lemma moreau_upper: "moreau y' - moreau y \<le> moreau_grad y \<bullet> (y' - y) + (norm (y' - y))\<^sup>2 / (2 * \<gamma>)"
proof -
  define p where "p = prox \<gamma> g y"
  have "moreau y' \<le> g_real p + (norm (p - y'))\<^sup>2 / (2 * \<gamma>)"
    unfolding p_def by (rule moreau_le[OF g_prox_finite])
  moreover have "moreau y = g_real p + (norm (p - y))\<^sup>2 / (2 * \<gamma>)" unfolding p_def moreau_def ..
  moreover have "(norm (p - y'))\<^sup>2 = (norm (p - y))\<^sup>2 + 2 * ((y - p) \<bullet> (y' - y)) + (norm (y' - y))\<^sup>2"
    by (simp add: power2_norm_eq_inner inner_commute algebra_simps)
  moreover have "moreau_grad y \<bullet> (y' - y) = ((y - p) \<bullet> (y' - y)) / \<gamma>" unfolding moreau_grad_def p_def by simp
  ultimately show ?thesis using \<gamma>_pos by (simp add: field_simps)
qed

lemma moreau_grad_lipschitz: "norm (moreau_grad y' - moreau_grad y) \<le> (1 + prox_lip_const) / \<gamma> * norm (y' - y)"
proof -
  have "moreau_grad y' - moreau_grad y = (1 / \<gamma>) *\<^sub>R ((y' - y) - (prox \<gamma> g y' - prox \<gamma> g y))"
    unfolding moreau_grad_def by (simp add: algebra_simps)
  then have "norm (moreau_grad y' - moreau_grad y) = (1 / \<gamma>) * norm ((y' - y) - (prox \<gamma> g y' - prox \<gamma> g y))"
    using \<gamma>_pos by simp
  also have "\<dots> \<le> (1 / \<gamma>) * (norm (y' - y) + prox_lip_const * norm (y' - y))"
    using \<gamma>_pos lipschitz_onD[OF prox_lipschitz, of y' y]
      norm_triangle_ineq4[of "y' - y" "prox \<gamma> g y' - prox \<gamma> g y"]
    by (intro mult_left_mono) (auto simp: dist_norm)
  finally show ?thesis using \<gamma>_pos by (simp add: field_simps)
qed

◇ ◇ ◇

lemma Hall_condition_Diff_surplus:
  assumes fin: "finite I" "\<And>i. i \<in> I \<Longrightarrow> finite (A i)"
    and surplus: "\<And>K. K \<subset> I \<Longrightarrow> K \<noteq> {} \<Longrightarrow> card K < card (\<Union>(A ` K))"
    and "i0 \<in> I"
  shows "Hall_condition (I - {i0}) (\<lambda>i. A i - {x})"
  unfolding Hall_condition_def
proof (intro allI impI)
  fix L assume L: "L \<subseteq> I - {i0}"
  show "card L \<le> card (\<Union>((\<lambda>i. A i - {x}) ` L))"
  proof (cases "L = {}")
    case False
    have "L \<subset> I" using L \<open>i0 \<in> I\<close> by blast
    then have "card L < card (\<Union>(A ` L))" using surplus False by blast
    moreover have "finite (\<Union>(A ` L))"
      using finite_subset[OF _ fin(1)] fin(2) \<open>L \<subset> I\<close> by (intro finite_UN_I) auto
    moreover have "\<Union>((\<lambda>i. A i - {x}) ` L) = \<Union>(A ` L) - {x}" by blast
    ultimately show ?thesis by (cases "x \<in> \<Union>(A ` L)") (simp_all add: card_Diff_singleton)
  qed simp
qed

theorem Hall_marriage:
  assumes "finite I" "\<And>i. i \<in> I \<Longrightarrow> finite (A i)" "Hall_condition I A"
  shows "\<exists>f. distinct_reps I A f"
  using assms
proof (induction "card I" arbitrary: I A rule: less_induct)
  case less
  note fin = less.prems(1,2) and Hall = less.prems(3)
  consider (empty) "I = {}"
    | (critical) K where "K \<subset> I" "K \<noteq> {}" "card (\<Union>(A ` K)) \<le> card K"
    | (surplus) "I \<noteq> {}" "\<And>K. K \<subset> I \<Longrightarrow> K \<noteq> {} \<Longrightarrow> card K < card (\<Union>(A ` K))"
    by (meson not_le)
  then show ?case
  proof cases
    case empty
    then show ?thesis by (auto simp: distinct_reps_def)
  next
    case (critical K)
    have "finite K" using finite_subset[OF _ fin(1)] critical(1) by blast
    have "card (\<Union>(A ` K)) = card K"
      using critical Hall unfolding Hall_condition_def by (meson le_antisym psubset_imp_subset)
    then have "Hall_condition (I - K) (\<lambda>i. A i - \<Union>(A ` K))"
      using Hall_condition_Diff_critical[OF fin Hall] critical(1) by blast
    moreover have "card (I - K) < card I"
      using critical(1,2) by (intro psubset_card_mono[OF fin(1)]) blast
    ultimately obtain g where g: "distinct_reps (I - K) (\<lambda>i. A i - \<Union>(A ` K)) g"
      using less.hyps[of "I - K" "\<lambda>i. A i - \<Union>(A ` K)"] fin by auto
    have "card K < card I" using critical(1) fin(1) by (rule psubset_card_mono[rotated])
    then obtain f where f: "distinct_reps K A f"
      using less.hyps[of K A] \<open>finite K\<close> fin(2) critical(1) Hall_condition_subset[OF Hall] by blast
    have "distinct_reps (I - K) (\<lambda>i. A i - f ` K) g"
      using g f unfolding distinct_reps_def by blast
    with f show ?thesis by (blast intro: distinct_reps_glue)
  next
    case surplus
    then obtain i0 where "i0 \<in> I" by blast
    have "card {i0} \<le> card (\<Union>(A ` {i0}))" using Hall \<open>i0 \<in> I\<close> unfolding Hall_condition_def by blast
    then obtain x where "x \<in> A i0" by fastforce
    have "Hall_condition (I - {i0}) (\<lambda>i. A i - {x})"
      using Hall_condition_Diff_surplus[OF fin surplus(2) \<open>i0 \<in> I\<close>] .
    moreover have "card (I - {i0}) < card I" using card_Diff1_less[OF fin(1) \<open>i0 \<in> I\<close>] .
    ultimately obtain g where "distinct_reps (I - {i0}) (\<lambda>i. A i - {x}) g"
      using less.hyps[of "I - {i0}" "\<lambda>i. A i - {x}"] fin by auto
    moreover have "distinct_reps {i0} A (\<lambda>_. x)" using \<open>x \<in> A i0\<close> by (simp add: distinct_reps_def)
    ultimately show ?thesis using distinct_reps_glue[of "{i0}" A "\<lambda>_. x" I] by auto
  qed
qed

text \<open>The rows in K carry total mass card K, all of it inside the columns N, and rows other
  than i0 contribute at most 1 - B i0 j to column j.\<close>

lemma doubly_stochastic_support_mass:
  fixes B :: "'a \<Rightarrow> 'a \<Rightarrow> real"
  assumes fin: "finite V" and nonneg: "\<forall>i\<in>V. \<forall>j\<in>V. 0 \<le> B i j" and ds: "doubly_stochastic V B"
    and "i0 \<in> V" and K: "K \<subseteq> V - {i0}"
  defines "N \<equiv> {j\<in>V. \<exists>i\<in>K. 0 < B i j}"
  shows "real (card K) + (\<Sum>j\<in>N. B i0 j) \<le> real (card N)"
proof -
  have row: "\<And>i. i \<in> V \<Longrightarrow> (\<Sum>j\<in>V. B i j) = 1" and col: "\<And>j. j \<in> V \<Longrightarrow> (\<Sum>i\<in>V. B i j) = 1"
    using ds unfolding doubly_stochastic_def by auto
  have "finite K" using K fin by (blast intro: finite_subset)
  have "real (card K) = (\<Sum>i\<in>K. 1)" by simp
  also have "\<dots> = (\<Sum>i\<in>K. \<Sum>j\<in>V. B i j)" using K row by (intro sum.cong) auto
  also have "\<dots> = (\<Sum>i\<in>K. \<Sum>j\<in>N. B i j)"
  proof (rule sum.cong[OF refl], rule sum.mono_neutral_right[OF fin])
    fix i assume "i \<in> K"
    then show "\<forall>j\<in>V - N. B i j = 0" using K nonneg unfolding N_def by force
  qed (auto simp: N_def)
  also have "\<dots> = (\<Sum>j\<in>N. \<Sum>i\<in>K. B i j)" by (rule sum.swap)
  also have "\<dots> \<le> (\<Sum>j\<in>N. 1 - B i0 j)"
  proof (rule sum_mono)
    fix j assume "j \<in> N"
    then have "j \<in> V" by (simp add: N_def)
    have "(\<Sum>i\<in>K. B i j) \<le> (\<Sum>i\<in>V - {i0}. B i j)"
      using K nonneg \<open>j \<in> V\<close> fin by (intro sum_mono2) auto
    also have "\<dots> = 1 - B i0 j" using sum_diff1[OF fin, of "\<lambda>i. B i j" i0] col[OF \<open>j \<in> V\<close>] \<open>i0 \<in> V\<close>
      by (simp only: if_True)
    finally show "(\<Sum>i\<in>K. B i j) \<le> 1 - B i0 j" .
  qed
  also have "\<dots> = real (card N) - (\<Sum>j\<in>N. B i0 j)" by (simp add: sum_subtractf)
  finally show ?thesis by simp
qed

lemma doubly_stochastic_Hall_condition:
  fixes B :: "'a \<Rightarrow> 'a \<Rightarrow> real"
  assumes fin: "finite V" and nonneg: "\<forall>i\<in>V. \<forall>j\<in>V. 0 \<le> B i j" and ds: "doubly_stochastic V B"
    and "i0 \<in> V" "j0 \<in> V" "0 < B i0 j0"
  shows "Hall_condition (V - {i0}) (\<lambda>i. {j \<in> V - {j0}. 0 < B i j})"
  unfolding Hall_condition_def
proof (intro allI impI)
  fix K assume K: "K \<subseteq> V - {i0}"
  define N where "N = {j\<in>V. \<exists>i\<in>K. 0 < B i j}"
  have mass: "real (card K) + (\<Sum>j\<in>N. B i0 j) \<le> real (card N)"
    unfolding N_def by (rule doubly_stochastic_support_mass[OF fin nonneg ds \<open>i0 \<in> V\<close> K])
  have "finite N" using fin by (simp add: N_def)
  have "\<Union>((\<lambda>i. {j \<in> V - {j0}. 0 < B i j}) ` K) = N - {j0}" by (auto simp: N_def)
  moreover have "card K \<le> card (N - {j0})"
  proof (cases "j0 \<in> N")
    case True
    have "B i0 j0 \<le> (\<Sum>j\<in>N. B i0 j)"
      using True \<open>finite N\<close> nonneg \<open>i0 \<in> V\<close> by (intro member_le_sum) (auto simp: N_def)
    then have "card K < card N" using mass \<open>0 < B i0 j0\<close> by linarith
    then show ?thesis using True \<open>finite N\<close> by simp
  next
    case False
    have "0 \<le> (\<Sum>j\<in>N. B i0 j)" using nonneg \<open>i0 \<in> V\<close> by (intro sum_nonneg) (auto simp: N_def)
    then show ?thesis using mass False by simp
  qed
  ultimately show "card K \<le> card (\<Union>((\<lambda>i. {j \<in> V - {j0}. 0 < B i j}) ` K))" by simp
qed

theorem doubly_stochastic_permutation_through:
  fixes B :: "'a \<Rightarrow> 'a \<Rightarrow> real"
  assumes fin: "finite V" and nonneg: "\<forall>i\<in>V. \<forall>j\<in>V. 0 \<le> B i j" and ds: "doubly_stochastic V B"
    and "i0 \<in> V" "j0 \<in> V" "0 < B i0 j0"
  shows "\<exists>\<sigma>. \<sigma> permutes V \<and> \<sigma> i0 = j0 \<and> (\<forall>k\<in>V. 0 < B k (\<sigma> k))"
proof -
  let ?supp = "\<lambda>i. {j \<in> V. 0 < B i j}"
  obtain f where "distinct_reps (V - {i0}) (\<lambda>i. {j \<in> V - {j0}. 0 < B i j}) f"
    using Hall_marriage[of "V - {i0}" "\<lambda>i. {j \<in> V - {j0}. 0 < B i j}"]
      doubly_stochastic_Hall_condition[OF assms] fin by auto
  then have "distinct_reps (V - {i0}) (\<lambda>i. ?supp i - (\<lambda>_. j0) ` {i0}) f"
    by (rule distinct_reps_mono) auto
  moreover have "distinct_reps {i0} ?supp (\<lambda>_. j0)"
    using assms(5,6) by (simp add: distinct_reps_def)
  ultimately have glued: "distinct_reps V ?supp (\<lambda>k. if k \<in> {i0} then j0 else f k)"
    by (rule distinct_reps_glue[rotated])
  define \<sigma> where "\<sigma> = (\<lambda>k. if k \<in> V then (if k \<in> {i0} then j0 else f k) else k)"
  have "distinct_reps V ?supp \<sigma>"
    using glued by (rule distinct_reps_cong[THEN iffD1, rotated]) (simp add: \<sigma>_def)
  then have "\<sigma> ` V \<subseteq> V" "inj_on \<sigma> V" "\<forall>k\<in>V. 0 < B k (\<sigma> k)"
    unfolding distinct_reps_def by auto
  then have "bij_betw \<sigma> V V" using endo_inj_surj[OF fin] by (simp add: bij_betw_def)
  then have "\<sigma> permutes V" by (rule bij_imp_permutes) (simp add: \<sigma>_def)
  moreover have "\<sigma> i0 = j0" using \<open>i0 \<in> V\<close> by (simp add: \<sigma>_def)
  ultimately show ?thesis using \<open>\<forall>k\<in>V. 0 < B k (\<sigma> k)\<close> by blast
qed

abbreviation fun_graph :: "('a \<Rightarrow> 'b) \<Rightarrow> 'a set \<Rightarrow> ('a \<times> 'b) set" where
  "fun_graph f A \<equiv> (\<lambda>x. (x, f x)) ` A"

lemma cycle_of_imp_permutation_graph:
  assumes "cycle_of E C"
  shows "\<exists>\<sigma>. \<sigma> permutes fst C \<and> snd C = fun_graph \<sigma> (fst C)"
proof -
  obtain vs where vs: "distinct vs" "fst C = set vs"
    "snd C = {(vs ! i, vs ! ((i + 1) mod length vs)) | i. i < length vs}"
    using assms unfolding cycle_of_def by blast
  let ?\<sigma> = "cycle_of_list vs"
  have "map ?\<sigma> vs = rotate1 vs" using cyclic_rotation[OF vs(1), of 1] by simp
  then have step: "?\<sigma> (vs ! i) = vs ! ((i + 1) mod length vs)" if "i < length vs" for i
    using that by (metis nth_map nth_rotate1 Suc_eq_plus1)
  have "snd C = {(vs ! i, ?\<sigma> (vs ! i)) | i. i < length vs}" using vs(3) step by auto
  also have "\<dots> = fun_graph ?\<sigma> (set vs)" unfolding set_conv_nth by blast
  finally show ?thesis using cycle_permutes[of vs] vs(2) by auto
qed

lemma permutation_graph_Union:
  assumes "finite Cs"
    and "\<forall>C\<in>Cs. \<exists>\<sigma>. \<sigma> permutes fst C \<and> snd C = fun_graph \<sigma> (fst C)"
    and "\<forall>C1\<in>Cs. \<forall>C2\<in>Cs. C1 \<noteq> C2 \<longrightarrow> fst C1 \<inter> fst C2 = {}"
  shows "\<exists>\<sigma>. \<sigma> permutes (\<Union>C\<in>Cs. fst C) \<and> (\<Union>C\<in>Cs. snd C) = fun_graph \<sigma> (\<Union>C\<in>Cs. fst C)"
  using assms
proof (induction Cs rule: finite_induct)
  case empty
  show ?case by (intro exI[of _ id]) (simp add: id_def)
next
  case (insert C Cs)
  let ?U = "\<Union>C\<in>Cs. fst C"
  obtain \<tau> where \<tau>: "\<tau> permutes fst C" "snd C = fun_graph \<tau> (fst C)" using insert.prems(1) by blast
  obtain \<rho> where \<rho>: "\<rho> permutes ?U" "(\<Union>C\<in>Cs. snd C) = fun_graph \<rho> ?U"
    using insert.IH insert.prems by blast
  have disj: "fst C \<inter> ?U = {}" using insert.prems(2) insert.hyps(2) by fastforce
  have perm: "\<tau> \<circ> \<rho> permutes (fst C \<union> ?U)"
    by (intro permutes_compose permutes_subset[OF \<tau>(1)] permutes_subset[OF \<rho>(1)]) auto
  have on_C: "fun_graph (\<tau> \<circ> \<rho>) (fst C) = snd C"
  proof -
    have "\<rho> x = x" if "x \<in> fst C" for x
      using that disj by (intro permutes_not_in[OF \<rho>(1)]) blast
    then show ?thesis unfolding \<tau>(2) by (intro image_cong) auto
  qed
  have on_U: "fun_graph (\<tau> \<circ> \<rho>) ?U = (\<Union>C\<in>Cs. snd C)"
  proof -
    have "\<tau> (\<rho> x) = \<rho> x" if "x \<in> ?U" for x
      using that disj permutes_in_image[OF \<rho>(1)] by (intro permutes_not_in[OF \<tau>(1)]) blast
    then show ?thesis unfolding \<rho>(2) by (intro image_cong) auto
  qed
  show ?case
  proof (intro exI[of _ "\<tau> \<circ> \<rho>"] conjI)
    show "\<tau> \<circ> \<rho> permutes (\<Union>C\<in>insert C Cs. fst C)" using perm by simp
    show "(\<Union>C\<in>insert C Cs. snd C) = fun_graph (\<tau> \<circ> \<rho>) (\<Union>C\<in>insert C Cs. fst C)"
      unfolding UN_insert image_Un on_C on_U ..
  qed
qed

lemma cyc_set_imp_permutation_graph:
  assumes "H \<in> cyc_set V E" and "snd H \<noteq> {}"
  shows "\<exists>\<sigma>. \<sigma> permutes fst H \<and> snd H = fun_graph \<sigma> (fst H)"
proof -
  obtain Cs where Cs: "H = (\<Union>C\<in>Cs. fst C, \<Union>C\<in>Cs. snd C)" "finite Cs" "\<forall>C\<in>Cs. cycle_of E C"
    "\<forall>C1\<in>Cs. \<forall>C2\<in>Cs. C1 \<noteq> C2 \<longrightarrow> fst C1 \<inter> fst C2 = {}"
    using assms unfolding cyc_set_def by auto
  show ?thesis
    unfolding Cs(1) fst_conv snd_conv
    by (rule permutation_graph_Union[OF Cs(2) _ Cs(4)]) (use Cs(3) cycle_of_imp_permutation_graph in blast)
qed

◇ ◇ ◇

__WORK TO BE COMPLETED__
Among the records above, find each line holding "disj" and list it.

__RESULT__
  have disj: "fst C \<inter> ?U = {}" using insert.prems(2) insert.hyps(2) by fastforce
      using that disj by (intro permutes_not_in[OF \<rho>(1)]) blast
      using that disj permutes_in_image[OF \<rho>(1)] by (intro permutes_not_in[OF \<tau>(1)]) blast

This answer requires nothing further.